ASSIGNMENT:
Below are the entries; output exactly the lines from the one containing "esssup (lebesgue_on D)" through the final line, inclusive.

╭──

text \<open>f is C^2 on the closure of the open set S (derivatives up to order 2 exist on S and
  extend continuously to closure S, since they are uniformly continuous on S) with
  C^2 norm bounded by C.\<close>
definition C2_bounded_on :: "('a::euclidean_space \<Rightarrow> 'b::euclidean_space) \<Rightarrow> 'a set \<Rightarrow> real \<Rightarrow> bool" where
  "C2_bounded_on f S C \<longleftrightarrow> continuous_on (closure S) f \<and> (\<forall>x\<in>closure S. norm (f x) \<le> C) \<and>
     (\<exists>(f'::'a \<Rightarrow> 'a \<Rightarrow>\<^sub>L 'b) (f''::'a \<Rightarrow> 'a \<Rightarrow>\<^sub>L ('a \<Rightarrow>\<^sub>L 'b)).
        (\<forall>x\<in>S. (f has_derivative blinfun_apply (f' x)) (at x)) \<and>
        (\<forall>x\<in>S. (f' has_derivative blinfun_apply (f'' x)) (at x)) \<and>
        uniformly_continuous_on S f' \<and> uniformly_continuous_on S f'' \<and>
        (\<forall>x\<in>S. norm (f' x) \<le> C \<and> norm (f'' x) \<le> C))"

definition singular_value :: "real^'n^'n \<Rightarrow> real \<Rightarrow> bool" where
  "singular_value A s \<longleftrightarrow> s \<ge> 0 \<and> (\<exists>v. v \<noteq> 0 \<and> (transpose A ** A) *v v = (s\<^sup>2) *\<^sub>R v)"

definition spec_norm :: "real^'n^'m \<Rightarrow> real" where
  "spec_norm A = onorm (\<lambda>v. A *v v)"

definition Linf_on :: "(real^'n) set \<Rightarrow> (real^'n \<Rightarrow> real) \<Rightarrow> ereal" where
  "Linf_on D f = esssup (lebesgue_on D) (\<lambda>x. ereal (f x))"

definition W1inf :: "(real^'n) set \<Rightarrow> (real^'n \<Rightarrow> real^'n) \<Rightarrow> ereal" where
  "W1inf D f = max (Linf_on D (\<lambda>x. norm (f x))) (Linf_on D (\<lambda>x. spec_norm (jacobian f (at x))))"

╰──

RESPONSE FOR THIS EXERCISE:
  "Linf_on D f = esssup (lebesgue_on D) (\<lambda>x. ereal (f x))"

definition W1inf :: "(real^'n) set \<Rightarrow> (real^'n \<Rightarrow> real^'n) \<Rightarrow> ereal" where
  "W1inf D f = max (Linf_on D (\<lambda>x. norm (f x))) (Linf_on D (\<lambda>x. spec_norm (jacobian f (at x))))"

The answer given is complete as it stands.